The skill will search the machine for a local model copy, or ask the user for a model path.

---

## Directory Structure

```
skills/vllm-plugin-fl-setup-flagos/
├── SKILL.md                          # Skill definition (entry point)
├── README.md                         # This document (English)
├── README_zh.md                      # Chinese version
├── LICENSE.txt                       # Apache 2.0 License
└── references/                       # Backend-specific setup guides
    ├── npu.md                        # Huawei Ascend NPU setup
    ├── iluvatar_gpu.md               # Iluvatar BI-V150 GPU setup
    └── mthreads_gpu.md               # Moore Threads GPU setup
```

---

## File Descriptions

### Skill Definition

#### `SKILL.md`
The skill entry point. Defines trigger conditions, prerequisites, the 5-step installation workflow, backend-specific references, quick test procedure, and troubleshooting guide. The AI coding assistant uses this file to identify and invoke the skill.

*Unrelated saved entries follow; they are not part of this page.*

lemma card_colour_triangles_bound:
  assumes "finite A" "finite B" "finite C" "good_tripartite A B C col"
    and "A \<noteq> {}" "B \<noteq> {}" "C \<noteq> {}"
  shows "card (colour_triangles A B C col g) + 5 \<le> 2 * card (A \<union> B \<union> C)"
  using assms
proof (induction "card (A \<union> B \<union> C)" arbitrary: A B C rule: less_induct)
  case less
  let ?N = "card (A \<union> B \<union> C)" and ?S = "colour_triangles A B C col g"
  have N: "?N = card A + card B + card C"
    using less.prems unfolding good_tripartite_def
    by (simp add: card_Un_disjoint Int_Un_distrib2)
  have "card A \<ge> 1" "card B \<ge> 1" "card C \<ge> 1"
    using less.prems by (simp_all add: Suc_le_eq card_gt_0_iff)
  show ?case
  proof (cases "card A = 1 \<and> card B = 1 \<and> card C = 1")
    case True
    then show ?thesis
      using card_colour_triangles_le[of A B C col g] less.prems N by simp
  next
    case False
    with N \<open>card A \<ge> 1\<close> \<open>card B \<ge> 1\<close> \<open>card C \<ge> 1\<close> have "?N \<ge> 4"
      by linarith
    obtain v where v: "v \<in> A \<union> B \<union> C" "colour_degree A B C col g v \<le> 2"
      using exists_low_colour_degree[OF less.prems(4,5)] by blast
    let ?S' = "colour_triangles (A - {v}) (B - {v}) (C - {v}) col g"
    have split: "card ?S = colour_degree A B C col g v + card ?S'"
      using less.prems(1-3) by (rule card_colour_triangles_split_vertex)
    show ?thesis
    proof (cases "A - {v} = {} \<or> B - {v} = {} \<or> C - {v} = {}")
      case True
      then have "?S' = {}"
        by (auto elim: colour_trianglesE)
      then show ?thesis
        using split v(2) \<open>?N \<ge> 4\<close> by simp
    next
      case False
      have N': "card ((A - {v}) \<union> (B - {v}) \<union> (C - {v})) = ?N - 1"
        using v(1) less.prems(1-3) by (simp add: Un_Diff[symmetric] card_Diff_singleton)
      have "card ?S' + 5 \<le> 2 * card ((A - {v}) \<union> (B - {v}) \<union> (C - {v}))"
      proof (rule less.hyps)
        show "good_tripartite (A - {v}) (B - {v}) (C - {v}) col"
          using less.prems(4) by (rule good_tripartite_subset) auto
      qed (use N' \<open>?N \<ge> 4\<close> less.prems False in auto)
      then show ?thesis
        using split v(2) N' \<open>?N \<ge> 4\<close> by linarith
    qed
  qed
qed

lemma card_mono_triangles_bound:
  assumes "tripartition n A B C" "good_colouring A B C col"
  shows "card (mono_triangles A B C col) + 10 \<le> 4 * n"
proof -
  have parts: "A \<union> B \<union> C = {0..<n}" "A \<noteq> {}" "B \<noteq> {}" "C \<noteq> {}"
    using assms(1) unfolding tripartition_def by auto
  then have fin: "finite A" "finite B" "finite C"
    by (metis finite_Un finite_atLeastLessThan)+
  have good: "good_tripartite A B C col"
    using assms unfolding tripartition_def good_tripartite_def by simp
  have colour_bound: "card (colour_triangles A B C col g) + 5 \<le> 2 * n" for g
    using card_colour_triangles_bound[OF fin good parts(2-4), of g] parts(1) by simp
  have "card (mono_triangles A B C col)
      \<le> card (colour_triangles A B C col True) + card (colour_triangles A B C col False)"
    unfolding mono_triangles_eq_Un by (rule card_Un_le)
  with colour_bound[of True] colour_bound[of False] show ?thesis
    by linarith
qed

lemma exists_good_colouring:
  assumes "n \<ge> 3"
  shows "\<exists>A B C col. tripartition n A B C \<and> good_colouring A B C col"
proof -
  let ?col = "\<lambda>e. (0::nat) \<in> e"
  have "mono_triangles {0} {1} {2..<n} ?col = {}"
    unfolding mono_triangles_def by auto
  then have "good_colouring {0} {1} {2..<n} ?col"
    unfolding good_colouring_def by simp
  moreover have "tripartition n {0} {1} {2..<n}"
    unfolding tripartition_def using assms by auto
  ultimately show ?thesis
    by blast
qed

theorem lemma6p1:
  fixes n :: nat
  assumes "n \<ge> 3"
  shows "gamma n \<le> 4 * n - 10"
proof -
  let ?values = "{card (mono_triangles A B C col) | A B C col.
                    tripartition n A B C \<and> good_colouring A B C col}"
  have bound: "x \<le> 4 * n - 10" if "x \<in> ?values" for x
  proof -
    from that obtain A B C col where "x = card (mono_triangles A B C col)"
      and "tripartition n A B C" "good_colouring A B C col"
      by blast
    with card_mono_triangles_bound[of n A B C col] show ?thesis
      by linarith
  qed
  obtain A B C col where "tripartition n A B C" "good_colouring A B C col"
    using exists_good_colouring[OF assms] by blast
  have "finite ?values"
  proof (rule finite_subset)
    show "?values \<subseteq> {..4 * n - 10}"
      using bound by blast
  qed simp
  moreover have "?values \<noteq> {}"
    using \<open>tripartition n A B C\<close> \<open>good_colouring A B C col\<close> by blast
  ultimately show ?thesis
    unfolding gamma_def by (rule Max.boundedI) (rule bound)
qed

end
lemma bdm_cl_iso_path_ogp_edge:
  assumes "wf_ogp V" "iso \<alpha> (path_ogp m) V" "j < m"
  shows "bdm V b 0 (cl V {\<alpha> (edge j)}) = {\<alpha> (vertex (if b then Suc j else j))}"
  using bdm_cl_iso_path_ogp[OF assms(1,2)] cl_path_ogp_edge[OF assms(3)]
    bdm_path_ogp_edge[OF assms(3)] assms(3) by (simp add: path_ogp_elems)

locale path_inclusion =
  fixes V :: "'a ogp" and U :: "'b ogp" and i :: "'a \<Rightarrow> 'b"
    and \<alpha> :: "elt \<Rightarrow> 'a" and \<beta> :: "elt \<Rightarrow> 'b" and m n :: nat
  assumes wf_V: "wf_ogp V" and wf_U: "wf_ogp U"
    and iso_\<alpha>: "iso \<alpha> (path_ogp m) V" and iso_\<beta>: "iso \<beta> (path_ogp n) U"
    and incl: "inclusion i V U" and m: "1 \<le> m"
begin

lemma i_bdm_cl: "x \<in> elems V \<Longrightarrow> i ` bdm V b 0 (cl V {x}) = bdm U b 0 (cl U {i x})"
  using incl unfolding inclusion_def is_map_def by blast

lemma \<beta>_vertex_inject: "k \<le> n \<Longrightarrow> l \<le> n \<Longrightarrow> \<beta> (vertex k) = \<beta> (vertex l) \<longleftrightarrow> k = l"
  using iso_inj[OF iso_\<beta>, of "vertex k" "vertex l"] by (simp add: path_ogp_elems)

text \<open>An edge cannot be sent to a vertex, since its two endpoints have distinct images.\<close>

lemma inclusion_edge:
  assumes j: "j < m"
  obtains k where "k < n" "i (\<alpha> (edge j)) = \<beta> (edge k)"
    "i (\<alpha> (vertex j)) = \<beta> (vertex k)" "i (\<alpha> (vertex (Suc j))) = \<beta> (vertex (Suc k))"
proof -
  have x: "\<alpha> (edge j) \<in> elems V" using iso_in[OF iso_\<alpha>] j by (simp add: path_ogp_elems)
  then have "i (\<alpha> (edge j)) \<in> \<beta> ` elems (path_ogp n)"
    using incl iso_elems[OF iso_\<beta>] unfolding inclusion_def is_map_def by blast
  then obtain y where y: "y \<in> elems (path_ogp n)" "i (\<alpha> (edge j)) = \<beta> y" by blast
  have bd: "bdm U b 0 (cl U {\<beta> y}) = {i (\<alpha> (vertex (if b then Suc j else j)))}" for b
    using i_bdm_cl[OF x, of b] bdm_cl_iso_path_ogp_edge[OF wf_V iso_\<alpha> j] y(2) by simp
  have "vertex j \<in> elems (path_ogp m)" "vertex (Suc j) \<in> elems (path_ogp m)"
    using j by (simp_all add: path_ogp_elems)
  then have "\<alpha> (vertex j) \<noteq> \<alpha> (vertex (Suc j))" "\<alpha> (vertex j) \<in> elems V" "\<alpha> (vertex (Suc j)) \<in> elems V"
    using iso_inj[OF iso_\<alpha>] iso_in[OF iso_\<alpha>] by auto
  then have distinct: "i (\<alpha> (vertex j)) \<noteq> i (\<alpha> (vertex (Suc j)))"
    using incl unfolding inclusion_def inj_on_def by blast
  from y(1) show ?thesis
  proof (cases rule: path_ogp_elemsE)
    case (1 k)
    then have "bdm U b 0 (cl U {\<beta> y}) = {\<beta> y}" for b
      using bdm_cl_iso_path_ogp_vertex[OF wf_U iso_\<beta>] by simp
    then show ?thesis using distinct bd[of False] bd[of True] by simp
  next
    case (2 k)
    then show ?thesis
      using that bd[of False] bd[of True] bdm_cl_iso_path_ogp_edge[OF wf_U iso_\<beta>] y(2) by simp
  qed
qed
(* Let $G$ be a group with finite generating set $S$, Cayley graph $\mathcal G$ with word metric $d$, and $0<\lambda<1$. Let $\xi\in\partial_\lambda G$, let $\gamma$ be a geodesic from $1$ to $\xi$, let $v$ be a vertex on $\gamma$, and set $r=\lambda^{d(1,v)}$. Then: (1) for every $R>0$ there is $C_1=C_1(R,\lambda)>0$ with $\Pi_1(v,R)\subset B_{\rho_\lambda}(\xi,C_1r)$; (2) for every $\kappa>0$ there are $R=R(\kappa)>0$ and $C_2=C_2(\kappa)>0$ such that if $\rho^v_\lambda(1,\xi)\ge\kappa$ then $B_{\rho_\lambda}(\xi,C_2r)\subset\Pi_1(v,R)$.
   Context: Floyd metric: for a basepoint $o\in G$, an edge $e$ of $\mathcal G$ has length $\lambda^{d(o,e)}$ and $\rho^o_\lambda$ is the induced length metric; $\rho_\lambda=\rho^1_\lambda$. $\partial_\lambda G=\overline G_\lambda\setminus G$, where $\overline G_\lambda$ is the Cauchy completion of $(G,\rho_\lambda)$; any two points of $G\cup\partial_\lambda G$ are joined by a (finite, semi-infinite or bi-infinite) geodesic of $\mathcal G$. Shadow: $\Pi_x(y,R)=\{\eta\in\partial_\lambda G:\text{ some geodesic }[x,\eta]\text{ meets }B(y,R)\}$. $B_{\rho_\lambda}(\xi,t)$ is the $\rho_\lambda$-ball in $\partial_\lambda G$. *)

theory Defs
  imports "HOL-Algebra.Generated_Groups" Complex_Main
begin

definition cay_adj :: "('a, 'b) monoid_scheme \<Rightarrow> 'a set \<Rightarrow> 'a \<Rightarrow> 'a \<Rightarrow> bool" where
  "cay_adj G S x y \<longleftrightarrow> x \<in> carrier G \<and> y \<in> carrier G \<and>
     (\<exists>s\<in>S. y = x \<otimes>\<^bsub>G\<^esub> s \<or> x = y \<otimes>\<^bsub>G\<^esub> s)"

definition cay_walk :: "('a, 'b) monoid_scheme \<Rightarrow> 'a set \<Rightarrow> 'a list \<Rightarrow> bool" where
  "cay_walk G S p \<longleftrightarrow> p \<noteq> [] \<and> set p \<subseteq> carrier G \<and>
     (\<forall>i. Suc i < length p \<longrightarrow> cay_adj G S (p ! i) (p ! Suc i))"

definition word_dist :: "('a, 'b) monoid_scheme \<Rightarrow> 'a set \<Rightarrow> 'a \<Rightarrow> 'a \<Rightarrow> nat" where
  "word_dist G S x y = (LEAST n. \<exists>p. cay_walk G S p \<and> hd p = x \<and> last p = y \<and> length p = Suc n)"

definition floyd_len :: "('a, 'b) monoid_scheme \<Rightarrow> 'a set \<Rightarrow> real \<Rightarrow> 'a \<Rightarrow> 'a list \<Rightarrow> real" where
  "floyd_len G S lam b p =
     (\<Sum>i < length p - 1. lam ^ min (word_dist G S b (p ! i)) (word_dist G S b (p ! Suc i)))"

definition floyd_dist :: "('a, 'b) monoid_scheme \<Rightarrow> 'a set \<Rightarrow> real \<Rightarrow> 'a \<Rightarrow> 'a \<Rightarrow> 'a \<Rightarrow> real" where
  "floyd_dist G S lam b x y =
     Inf {floyd_len G S lam b p | p. cay_walk G S p \<and> hd p = x \<and> last p = y}"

### Reference Documents (`references/`)

#### `npu.md` — Huawei Ascend NPU Setup
Ascend-specific configuration including FlagTree installation (required before FlagGems), CANN toolkit setup, and eager execution requirements.

#### `iluvatar_gpu.md` — Iluvatar GPU Setup
Iluvatar BI-V150 specific configuration, including driver setup and `enforce_eager=True` requirement.

#### `mthreads_gpu.md` — Moore Threads GPU Setup
Moore Threads specific configuration, including additional environment variables (`USE_FLAGGEMS=1`, `VLLM_MUSA_ENABLE_MOE_TRITON=1`) and vLLM launch parameters (`enforce_eager=True`, `block_size=64`).

---

## Troubleshooting

| Problem | Typical Cause | Fix |
|---|---|---|
| Out of memory on model load | GPU memory exhausted | Use `gpu_memory_utilization=0.8` parameter |
| FlagGems build failures | Missing build deps | Install `scikit-build-core`, `pybind11`, `ninja`, `cmake` |
| Plugin not loaded | Env var not set | Ensure `VLLM_PLUGINS='fl'` is exported |
| FlagCX communication errors | Path or build mismatch | Verify `FLAGCX_PATH` and platform build flag |
| Ascend-specific issues | FlagTree missing | See [references/npu.md](references/npu.md) |
| Cannot connect to GitHub | Network restrictions | Configure `http_proxy` / `https_proxy` |

---

## Usage in Your Project

Skills are typically placed under `.claude/skills/` (or the equivalent skills directory for your editor) in the project root.


### Install

```bash
# From your project root
mkdir -p .claude/skills
cp -r <path-to-this-repo>/skills/vllm-plugin-fl-setup-flagos .claude/skills/
```

---

## License

This project is licensed under the Apache 2.0 License. See [LICENSE.txt](LICENSE.txt) for details.